Recursive types are necessary for any non-trivial use of unions. The shared-variants resolution path we already have makes this cheap to support.

We defer generic ADTs because they require both grammar and inference work. MEP 12 needs to land first.

Backwards Compatibility

Adding exhaustiveness checking is a breaking change for any program that relies on the runtime fall-through. Programs will need an explicit catch-all arm or coverage of every variant.

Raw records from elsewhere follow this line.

lemma circuit_splice_at:
  assumes "circuit E ends C0" and "circuit E ends C1"
    and "trail_tail ends C0 = b" and "trail_head ends C1 = b"
    and "k0 < length C0" and "k1 < length C1"
    and "head ends (C0 ! k0) = head ends (C1 ! k1)"
    and "edges C0 \<inter> edges C1 = {}"
  shows "circuit E ends (splice_at C0 k0 C1 k1)"
    and "trail_tail ends (splice_at C0 k0 C1 k1) = b"
    and "trail_head ends (splice_at C0 k0 C1 k1) = b"
proof -
  let ?S = "splice_at C0 k0 C1 k1"
  have T0: "trail E ends C0" and T1: "trail E ends C1"
    using assms(1,2) unfolding circuit_def by auto
  have "successively (\<lambda>x y. head ends x = tail ends y) ?S"
    using T0 T1 assms(5-7) by (intro successively_splice_at) (auto simp: trail_iff_successively)
  moreover have "distinct (map arc_edge ?S)"
    using T0 T1 assms(8) by (intro distinct_map_splice_at) (auto simp: trail_def edges_def)
  moreover have "set ?S \<subseteq> arcs E"
    using T0 T1 set_take_subset[of "Suc k0" C0] set_drop_subset[of "Suc k1" C1]
    unfolding trail_def splice_at_def by auto
  moreover have "?S \<noteq> []"
    using assms(5) by (cases C0) (simp_all add: splice_at_def)
  ultimately have "trail E ends ?S"
    unfolding trail_iff_successively by simp
  moreover show "trail_tail ends ?S = b"
    using assms(3,5) unfolding trail_tail_def splice_at_def by (cases C0) auto
  moreover show "trail_head ends ?S = b"
  proof (cases "Suc k1 = length C1")
    case True
    have "C1 \<noteq> []"
      using assms(6) by auto
    moreover have "k1 = length C1 - 1"
      using True by simp
    ultimately have "drop (Suc k1) C1 = []" "last C1 = C1 ! k1"
      using True by (simp_all add: last_conv_nth)
    moreover have "last (take (Suc k0) C0) = C0 ! k0"
      using assms(5) by (simp add: take_Suc_conv_app_nth)
    ultimately show ?thesis
      using assms(4,7) by (simp add: splice_at_def trail_head_def)
  next
    case False
    then have "drop (Suc k1) C1 \<noteq> []" "last (drop (Suc k1) C1) = last C1"
      using assms(6) by simp_all
    then show ?thesis
      using assms(4) by (simp add: splice_at_def trail_head_def)
  qed
  ultimately show "circuit E ends ?S"
    unfolding circuit_def by simp
qed

lemma circuit_decomposition_unique:
  assumes "circuit_decomposition E ends \<C>" and "C \<in> \<C>" and "D \<in> \<C>"
    and "e \<in> edges C" and "e \<in> edges D"
  shows "C = D"
proof -
  have "set C \<subseteq> arcs E"
    using assms(1,2) unfolding circuit_decomposition_def circuit_def trail_def by auto
  then have "e \<in> E"
    using assms(4) arc_edge_mem unfolding edges_def by blast
  then show ?thesis
    using assms unfolding circuit_decomposition_def edges_def by blast
qed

Irredundancy rejection is also a breaking change but a smaller one: the redundant arms it rejects could not have fired in the first place.

Reference Implementation

  • types/check.go:1179-1207 — union type construction with shared variants map.
  • types/check.go around lines 2209 to 2284 — match arm walk.
  • Existing fixtures: tests/types/valid/match_union_variant.mochi, tests/types/errors/match_variant_arity.mochi.

Open Questions

  • Pattern guards. case x => x > 0. Out of scope for v0.11.0; revisit if the test surface demands it.
  • Or-patterns. Circle(_) | Square(_) => .... Useful for catch-some-but-not-all cases. Defer.
  • Nested patterns. Cons(1, _) over recursive types. Already partially supported; needs fixtures.

References

  • Benjamin C. Pierce, Types and Programming Languages, chapters 11 and 20.
  • Luc Maranget, "Compiling pattern matching to good decision trees", 2008.

This document is placed in the public domain.